(Beginning of INFORMATION)
(* Let $f$ be a homeomorphism of a compact, connected, separable metric space $\mathcal M$, and assume that $\mathcal M$ is not a chain-transitive set for $f$. If a CRH-attractor $A$ of $f$ and a CRH-repeller $R$ of $f$ have non-empty intersection, then $A=R$, and this set is a reversible core of $f$.
   Context: An $\varepsilon$-orbit of $f$ is a finite sequence $x_1,\dots,x_N$ with $\mathrm{dist}(f(x_j),x_{j+1})<\varepsilon$ for $j=1,\dots,N-1$; it connects $x_1$ to $x_N$. A closed invariant set $\Lambda$ is chain-transitive if for every $\varepsilon>0$ and all $x,y\in\Lambda$ there is an $\varepsilon$-orbit lying in $\Lambda$ connecting $x$ to $y$. A closed invariant set $A$ is stable if for every $\delta>0$ there is $\varepsilon>0$ such that no $\varepsilon$-orbit starting in $A$ leaves the $\delta$-neighbourhood of $A$. A CRH-attractor of $f$ is a closed invariant set that is chain-transitive and stable; a CRH-repeller of $f$ is a CRH-attractor of $f^{-1}$. A CRH-attractor $A$ is a dissipative attractor if there exists a point $x\notin A$ such that for every $\varepsilon>0$ some $\varepsilon$-orbit connects $x$ to a point of $A$; otherwise $A$ is called a reversible core. *)

theory Defs
  imports "HOL-Analysis.Analysis"
begin

definition eps_orbit :: "('a::metric_space \<Rightarrow> 'a) \<Rightarrow> real \<Rightarrow> 'a list \<Rightarrow> bool" where
  "eps_orbit f e xs \<longleftrightarrow> xs \<noteq> [] \<and>
     (\<forall>j. Suc j < length xs \<longrightarrow> dist (f (xs ! j)) (xs ! Suc j) < e)"

definition invariant_set :: "('a \<Rightarrow> 'a) \<Rightarrow> 'a set \<Rightarrow> bool" where
  "invariant_set f A \<longleftrightarrow> f ` A = A"

definition chain_transitive :: "('a::metric_space \<Rightarrow> 'a) \<Rightarrow> 'a set \<Rightarrow> bool" where
  "chain_transitive f L \<longleftrightarrow> closed L \<and> invariant_set f L \<and>
     (\<forall>e>0. \<forall>x\<in>L. \<forall>y\<in>L. \<exists>xs. eps_orbit f e xs \<and> set xs \<subseteq> L \<and> hd xs = x \<and> last xs = y)"

definition nbhd :: "'a::metric_space set \<Rightarrow> real \<Rightarrow> 'a set" where
  "nbhd A d = {x. \<exists>a\<in>A. dist x a < d}"

definition stable_set :: "('a::metric_space \<Rightarrow> 'a) \<Rightarrow> 'a set \<Rightarrow> bool" where
  "stable_set f A \<longleftrightarrow> closed A \<and> invariant_set f A \<and>
     (\<forall>d>0. \<exists>e>0. \<forall>xs. eps_orbit f e xs \<and> hd xs \<in> A \<longrightarrow> set xs \<subseteq> nbhd A d)"

definition crh_attractor :: "('a::metric_space \<Rightarrow> 'a) \<Rightarrow> 'a set \<Rightarrow> bool" where
  "crh_attractor f A \<longleftrightarrow> closed A \<and> invariant_set f A \<and> chain_transitive f A \<and> stable_set f A"

definition crh_repeller :: "('a::metric_space \<Rightarrow> 'a) \<Rightarrow> 'a set \<Rightarrow> bool" where
  "crh_repeller f R \<longleftrightarrow> crh_attractor (inv f) R"

definition dissipative_attractor :: "('a::metric_space \<Rightarrow> 'a) \<Rightarrow> 'a set \<Rightarrow> bool" where
  "dissipative_attractor f A \<longleftrightarrow> crh_attractor f A \<and>
     (\<exists>x. x \<notin> A \<and> (\<forall>e>0. \<exists>xs. eps_orbit f e xs \<and> hd xs = x \<and> last xs \<in> A))"

definition reversible_core :: "('a::metric_space \<Rightarrow> 'a) \<Rightarrow> 'a set \<Rightarrow> bool" where
  "reversible_core f A \<longleftrightarrow> crh_attractor f A \<and> \<not> dissipative_attractor f A"

end

theory Submission
  imports Defs
begin

text \<open>A CRH-attractor and a CRH-repeller are absorbing for chains of $f$ and of $f^{-1}$
  respectively. If a chain of $f$ from $x$ ends in the repeller $R$, reversing it gives a chain
  of $f^{-1}$ (with a slightly larger jump, by uniform continuity of $f^{-1}$ on the compact
  space) from $R$ to $x$, so stability of $R$ under $f^{-1}$ forces $x \in R$. Chain
  transitivity of $A$ through a common point then gives $A \subseteq R$, symmetrically
  $R \subseteq A$, and the same reversal shows that no point outside $A = R$ chains into $A$.\<close>

definition chain_connects :: "('a::metric_space \<Rightarrow> 'a) \<Rightarrow> 'a set \<Rightarrow> 'a set \<Rightarrow> bool" where
  "chain_connects f X Y \<longleftrightarrow>
     (\<forall>e>0. \<exists>xs. eps_orbit f e xs \<and> hd xs \<in> X \<and> last xs \<in> Y)"

lemma chain_connects_mono:
  "chain_connects f X Y \<Longrightarrow> X \<subseteq> X' \<Longrightarrow> Y \<subseteq> Y' \<Longrightarrow> chain_connects f X' Y'"
  unfolding chain_connects_def by blast

lemma chain_transitive_chain_connects:
  "chain_transitive f L \<Longrightarrow> x \<in> L \<Longrightarrow> y \<in> L \<Longrightarrow> chain_connects f {x} {y}"
  unfolding chain_transitive_def chain_connects_def by fastforce

lemma stable_set_chain_connects_into:
  assumes "stable_set f A" and "chain_connects f A {y}"
  shows "y \<in> A"
proof -
  have "y \<in> closure A"
    unfolding closure_approachable
  proof (intro allI impI)
    fix d :: real assume "d > 0"
    then obtain e where "e > 0" and trap: "\<forall>xs. eps_orbit f e xs \<and> hd xs \<in> A \<longrightarrow> set xs \<subseteq> nbhd A d"
      using assms(1) unfolding stable_set_def by blast
    then obtain xs where xs: "eps_orbit f e xs" "hd xs \<in> A" "last xs = y"
      using assms(2) unfolding chain_connects_def by blast
    then have "y \<in> set xs" unfolding eps_orbit_def by auto
    with trap xs have "y \<in> nbhd A d" by blast
    then show "\<exists>a\<in>A. dist a y < d" unfolding nbhd_def by (auto simp: dist_commute)
  qed
  moreover have "closed A" using assms(1) unfolding stable_set_def by blast
  ultimately show ?thesis by simp
qed

lemma eps_orbit_rev:
  assumes modulus: "\<And>u v. dist u v < d \<Longrightarrow> dist (g u) (g v) < e"
    and left_inverse: "\<And>x. g (f x) = x"
    and "eps_orbit f d xs"
  shows "eps_orbit g e (rev xs)"
  unfolding eps_orbit_def
proof (intro conjI allI impI)
  show "rev xs \<noteq> []" using assms(3) unfolding eps_orbit_def by simp
next
  fix j assume "Suc j < length (rev xs)"
  define k where "k = length xs - Suc (Suc j)"
  have k: "Suc k < length xs" "rev xs ! j = xs ! Suc k" "rev xs ! Suc j = xs ! k"
    using \<open>Suc j < length (rev xs)\<close> by (auto simp: k_def rev_nth Suc_diff_Suc)
  then have "dist (f (xs ! k)) (xs ! Suc k) < d" using assms(3) unfolding eps_orbit_def by blast
  then have "dist (g (f (xs ! k))) (g (xs ! Suc k)) < e" by (rule modulus)
  then show "dist (g (rev xs ! j)) (rev xs ! Suc j) < e"
    using k left_inverse by (simp add: dist_commute)
qed

lemma chain_connects_rev:
  assumes "uniformly_continuous_on UNIV g" and "\<And>x. g (f x) = x"
    and "chain_connects f X Y"
  shows "chain_connects g Y X"
  unfolding chain_connects_def
proof (intro allI impI)
  fix e :: real assume "e > 0"
  then obtain d where "d > 0" and modulus: "\<And>u v. dist u v < d \<Longrightarrow> dist (g u) (g v) < e"
    using assms(1) unfolding uniformly_continuous_on_def by (metis UNIV_I dist_commute)
  then obtain xs where xs: "eps_orbit f d xs" "hd xs \<in> X" "last xs \<in> Y"
    using assms(3) unfolding chain_connects_def by blast
  then have "xs \<noteq> []" unfolding eps_orbit_def by blast
  with xs show "\<exists>ys. eps_orbit g e ys \<and> hd ys \<in> Y \<and> last ys \<in> X"
    using eps_orbit_rev[OF modulus assms(2) xs(1)] by (auto simp: hd_rev last_rev)
qed

lemma backward_stable_set_chain_connects_from:
  assumes "uniformly_continuous_on UNIV g" and "\<And>x. g (f x) = x"
    and "stable_set g R" and "chain_connects f {x} R"
  shows "x \<in> R"
  using assms by (meson chain_connects_rev stable_set_chain_connects_into)

lemma chain_transitive_subset_backward_stable:
  assumes "uniformly_continuous_on UNIV g" and "\<And>x. g (f x) = x"
    and "chain_transitive f A" and "stable_set g R" and "p \<in> A \<inter> R"
  shows "A \<subseteq> R"
proof
  fix a assume "a \<in> A"
  with assms(3,5) have "chain_connects f {a} {p}"
    by (simp add: chain_transitive_chain_connects)
  then have "chain_connects f {a} R"
    by (rule chain_connects_mono) (use assms(5) in auto)
  with assms(1,2,4) show "a \<in> R" by (rule backward_stable_set_chain_connects_from)
qed

theorem theorem2:
  fixes f :: "'a::metric_space \<Rightarrow> 'a" and A R :: "'a set"
  assumes "compact (UNIV :: 'a set)"
    and "connected (UNIV :: 'a set)"
    and "\<exists>D::'a set. countable D \<and> closure D = UNIV"
    and "homeomorphism (UNIV :: 'a set) UNIV f (inv f)"
    and "\<not> chain_transitive f UNIV"
    and "crh_attractor f A"
    and "crh_repeller f R"
    and "A \<inter> R \<noteq> {}"
  shows "A = R \<and> reversible_core f A"
proof -
  have inverses: "\<And>x. inv f (f x) = x" "\<And>x. f (inv f x) = x"
    using assms(4) unfolding homeomorphism_def by auto
  have uc: "uniformly_continuous_on UNIV f" "uniformly_continuous_on UNIV (inv f)"
    using assms(1,4) compact_uniformly_continuous unfolding homeomorphism_def by blast+
  have A: "chain_transitive f A" "stable_set f A"
    and R: "chain_transitive (inv f) R" "stable_set (inv f) R"
    using assms(6,7) unfolding crh_repeller_def crh_attractor_def by auto
  obtain p where "p \<in> A \<inter> R" using assms(8) by blast
  then have "A = R"
    using chain_transitive_subset_backward_stable[OF uc(2) inverses(1) A(1) R(2)]
      chain_transitive_subset_backward_stable[OF uc(1) inverses(2) R(1) A(2)] by auto
  moreover have "\<not> dissipative_attractor f A"
  proof
    assume "dissipative_attractor f A"
    then obtain x where "x \<notin> A" and "chain_connects f {x} A"
      unfolding dissipative_attractor_def chain_connects_def by auto
    with \<open>A = R\<close> show False
      using backward_stable_set_chain_connects_from[OF uc(2) inverses(1) R(2)] by blast
  qed
  ultimately show ?thesis using assms(6) unfolding reversible_core_def by blast
qed

end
(End of INFORMATION)
#### EXERCISE DESCRIPTION:
Retype exactly the lines above, from the one with "(\<forall>j. Suc j" through the one with "A \<longleftrightarrow> f", inclusive.

#### RESULT OF THIS TASK:
     (\<forall>j. Suc j < length xs \<longrightarrow> dist (f (xs ! j)) (xs ! Suc j) < e)"

definition invariant_set :: "('a \<Rightarrow> 'a) \<Rightarrow> 'a set \<Rightarrow> bool" where
  "invariant_set f A \<longleftrightarrow> f ` A = A"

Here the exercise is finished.